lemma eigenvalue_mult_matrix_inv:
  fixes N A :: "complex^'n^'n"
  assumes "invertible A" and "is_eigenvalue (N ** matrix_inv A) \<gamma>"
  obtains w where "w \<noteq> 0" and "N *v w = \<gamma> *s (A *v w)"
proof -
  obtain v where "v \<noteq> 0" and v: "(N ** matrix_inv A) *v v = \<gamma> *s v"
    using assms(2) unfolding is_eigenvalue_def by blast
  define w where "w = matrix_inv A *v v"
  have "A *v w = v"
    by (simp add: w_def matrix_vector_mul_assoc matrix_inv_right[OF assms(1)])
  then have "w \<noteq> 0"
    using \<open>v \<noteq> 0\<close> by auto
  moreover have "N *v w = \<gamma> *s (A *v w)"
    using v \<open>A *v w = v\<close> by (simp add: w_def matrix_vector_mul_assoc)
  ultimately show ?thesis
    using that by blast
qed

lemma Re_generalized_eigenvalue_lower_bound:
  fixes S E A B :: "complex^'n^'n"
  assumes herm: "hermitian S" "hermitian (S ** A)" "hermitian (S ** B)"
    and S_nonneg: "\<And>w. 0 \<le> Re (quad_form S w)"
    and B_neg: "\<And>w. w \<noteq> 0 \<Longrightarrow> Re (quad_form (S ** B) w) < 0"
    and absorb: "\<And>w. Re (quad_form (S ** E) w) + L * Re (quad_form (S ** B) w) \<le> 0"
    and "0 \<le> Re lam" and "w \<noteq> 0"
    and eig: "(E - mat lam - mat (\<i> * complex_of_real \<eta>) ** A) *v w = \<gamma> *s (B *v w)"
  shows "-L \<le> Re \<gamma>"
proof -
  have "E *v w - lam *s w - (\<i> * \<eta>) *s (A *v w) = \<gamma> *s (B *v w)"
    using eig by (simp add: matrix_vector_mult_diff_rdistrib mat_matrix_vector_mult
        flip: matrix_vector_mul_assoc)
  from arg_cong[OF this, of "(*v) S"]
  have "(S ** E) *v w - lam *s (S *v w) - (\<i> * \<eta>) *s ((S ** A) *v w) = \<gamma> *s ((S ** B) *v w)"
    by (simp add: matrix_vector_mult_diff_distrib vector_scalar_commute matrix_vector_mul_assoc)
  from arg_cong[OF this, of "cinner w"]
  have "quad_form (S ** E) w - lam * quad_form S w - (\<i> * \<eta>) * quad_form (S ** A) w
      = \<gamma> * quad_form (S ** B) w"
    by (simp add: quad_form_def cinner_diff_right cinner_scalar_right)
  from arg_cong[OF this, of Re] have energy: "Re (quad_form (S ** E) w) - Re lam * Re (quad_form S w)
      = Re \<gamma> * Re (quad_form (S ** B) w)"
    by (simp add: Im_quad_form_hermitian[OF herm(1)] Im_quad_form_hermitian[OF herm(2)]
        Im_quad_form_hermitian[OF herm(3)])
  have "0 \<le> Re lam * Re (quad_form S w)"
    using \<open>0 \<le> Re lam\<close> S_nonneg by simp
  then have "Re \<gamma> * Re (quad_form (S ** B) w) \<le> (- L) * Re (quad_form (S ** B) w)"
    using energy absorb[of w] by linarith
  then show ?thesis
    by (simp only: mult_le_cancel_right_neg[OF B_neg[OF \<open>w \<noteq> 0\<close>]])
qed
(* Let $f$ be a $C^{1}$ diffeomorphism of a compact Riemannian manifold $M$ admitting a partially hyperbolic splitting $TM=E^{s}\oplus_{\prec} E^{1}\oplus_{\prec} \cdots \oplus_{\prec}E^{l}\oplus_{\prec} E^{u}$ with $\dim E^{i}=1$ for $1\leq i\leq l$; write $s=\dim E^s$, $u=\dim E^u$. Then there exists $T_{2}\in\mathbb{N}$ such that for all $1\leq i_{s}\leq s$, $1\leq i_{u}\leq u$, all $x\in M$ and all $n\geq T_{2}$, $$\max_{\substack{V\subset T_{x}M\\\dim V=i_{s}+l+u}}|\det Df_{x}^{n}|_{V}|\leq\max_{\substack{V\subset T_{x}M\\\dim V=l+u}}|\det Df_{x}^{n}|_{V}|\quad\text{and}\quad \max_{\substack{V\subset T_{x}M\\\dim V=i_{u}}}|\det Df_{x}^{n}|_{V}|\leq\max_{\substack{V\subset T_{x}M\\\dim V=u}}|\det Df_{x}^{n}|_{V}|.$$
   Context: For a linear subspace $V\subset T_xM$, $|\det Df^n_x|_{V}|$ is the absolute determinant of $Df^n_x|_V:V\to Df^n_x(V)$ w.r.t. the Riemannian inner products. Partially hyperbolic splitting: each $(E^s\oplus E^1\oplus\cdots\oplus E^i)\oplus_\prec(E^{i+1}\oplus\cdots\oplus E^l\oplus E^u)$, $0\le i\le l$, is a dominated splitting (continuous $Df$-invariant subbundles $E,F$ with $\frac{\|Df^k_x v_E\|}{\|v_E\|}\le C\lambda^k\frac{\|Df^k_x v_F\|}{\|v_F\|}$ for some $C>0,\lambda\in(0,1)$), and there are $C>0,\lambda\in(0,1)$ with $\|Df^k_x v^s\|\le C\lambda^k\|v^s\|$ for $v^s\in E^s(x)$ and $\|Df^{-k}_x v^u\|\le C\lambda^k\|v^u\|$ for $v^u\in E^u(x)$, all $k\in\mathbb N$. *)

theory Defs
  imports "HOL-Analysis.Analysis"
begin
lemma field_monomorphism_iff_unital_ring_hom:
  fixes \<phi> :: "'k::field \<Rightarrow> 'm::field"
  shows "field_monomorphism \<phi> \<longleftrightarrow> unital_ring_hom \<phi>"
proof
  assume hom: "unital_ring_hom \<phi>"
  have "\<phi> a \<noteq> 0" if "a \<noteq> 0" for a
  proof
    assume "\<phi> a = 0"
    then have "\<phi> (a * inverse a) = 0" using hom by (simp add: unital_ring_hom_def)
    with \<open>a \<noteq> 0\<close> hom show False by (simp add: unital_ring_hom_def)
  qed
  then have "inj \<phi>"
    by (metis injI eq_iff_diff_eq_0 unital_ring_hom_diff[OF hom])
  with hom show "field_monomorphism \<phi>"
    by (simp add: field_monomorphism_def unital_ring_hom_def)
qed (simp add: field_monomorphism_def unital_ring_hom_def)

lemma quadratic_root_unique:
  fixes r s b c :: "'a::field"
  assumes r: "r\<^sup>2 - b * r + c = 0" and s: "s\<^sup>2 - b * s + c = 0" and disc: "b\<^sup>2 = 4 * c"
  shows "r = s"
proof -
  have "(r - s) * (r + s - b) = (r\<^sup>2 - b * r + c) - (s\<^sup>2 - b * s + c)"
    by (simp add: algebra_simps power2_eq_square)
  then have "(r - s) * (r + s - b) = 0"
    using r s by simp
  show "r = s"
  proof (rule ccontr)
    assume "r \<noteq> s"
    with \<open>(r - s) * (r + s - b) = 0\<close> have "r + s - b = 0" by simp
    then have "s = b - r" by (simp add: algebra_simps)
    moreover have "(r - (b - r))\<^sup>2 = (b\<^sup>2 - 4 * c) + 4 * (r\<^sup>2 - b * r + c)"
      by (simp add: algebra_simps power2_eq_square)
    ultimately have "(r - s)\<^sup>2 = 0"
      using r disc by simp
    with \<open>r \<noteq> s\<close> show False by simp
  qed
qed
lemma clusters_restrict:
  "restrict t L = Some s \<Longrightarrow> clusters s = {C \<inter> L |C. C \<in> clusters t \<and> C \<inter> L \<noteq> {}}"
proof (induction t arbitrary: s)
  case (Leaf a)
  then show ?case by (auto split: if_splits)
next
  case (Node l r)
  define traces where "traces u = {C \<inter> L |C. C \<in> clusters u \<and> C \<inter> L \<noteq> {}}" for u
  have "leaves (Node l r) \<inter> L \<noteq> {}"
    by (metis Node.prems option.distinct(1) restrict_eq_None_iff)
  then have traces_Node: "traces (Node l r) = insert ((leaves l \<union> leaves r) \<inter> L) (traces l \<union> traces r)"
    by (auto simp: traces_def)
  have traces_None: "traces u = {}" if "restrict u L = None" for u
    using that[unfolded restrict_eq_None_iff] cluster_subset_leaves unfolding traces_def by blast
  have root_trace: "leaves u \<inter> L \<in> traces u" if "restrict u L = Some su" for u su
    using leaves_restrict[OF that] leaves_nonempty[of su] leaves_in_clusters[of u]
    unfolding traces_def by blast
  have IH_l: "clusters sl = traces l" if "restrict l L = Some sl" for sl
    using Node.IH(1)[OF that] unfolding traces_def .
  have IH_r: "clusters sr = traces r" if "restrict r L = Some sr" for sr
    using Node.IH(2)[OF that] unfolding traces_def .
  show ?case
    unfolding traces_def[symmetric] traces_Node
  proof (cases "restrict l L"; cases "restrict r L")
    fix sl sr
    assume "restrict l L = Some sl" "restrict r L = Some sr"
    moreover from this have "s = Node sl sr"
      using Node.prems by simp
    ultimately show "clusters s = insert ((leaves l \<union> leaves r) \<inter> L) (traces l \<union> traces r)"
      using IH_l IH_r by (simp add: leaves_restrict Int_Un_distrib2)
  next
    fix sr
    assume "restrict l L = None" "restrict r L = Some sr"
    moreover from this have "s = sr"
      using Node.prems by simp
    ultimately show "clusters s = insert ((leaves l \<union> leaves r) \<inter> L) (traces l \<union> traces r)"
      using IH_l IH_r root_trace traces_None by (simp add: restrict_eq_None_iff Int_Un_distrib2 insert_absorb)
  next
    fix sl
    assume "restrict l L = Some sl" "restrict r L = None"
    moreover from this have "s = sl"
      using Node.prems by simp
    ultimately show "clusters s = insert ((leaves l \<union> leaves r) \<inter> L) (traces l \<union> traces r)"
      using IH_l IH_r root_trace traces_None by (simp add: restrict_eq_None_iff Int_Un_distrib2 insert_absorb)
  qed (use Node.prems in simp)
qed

....................

EXERCISE PROMPT: From the line holding "define w where" to the line holding "ultimately show ?thesis", inclusive, restate each line above exactly as written.

ANSWER TO THIS TASK:
  define w where "w = matrix_inv A *v v"
  have "A *v w = v"
    by (simp add: w_def matrix_vector_mul_assoc matrix_inv_right[OF assms(1)])
  then have "w \<noteq> 0"
    using \<open>v \<noteq> 0\<close> by auto
  moreover have "N *v w = \<gamma> *s (A *v w)"
    using v \<open>A *v w = v\<close> by (simp add: w_def matrix_vector_mul_assoc)
  ultimately show ?thesis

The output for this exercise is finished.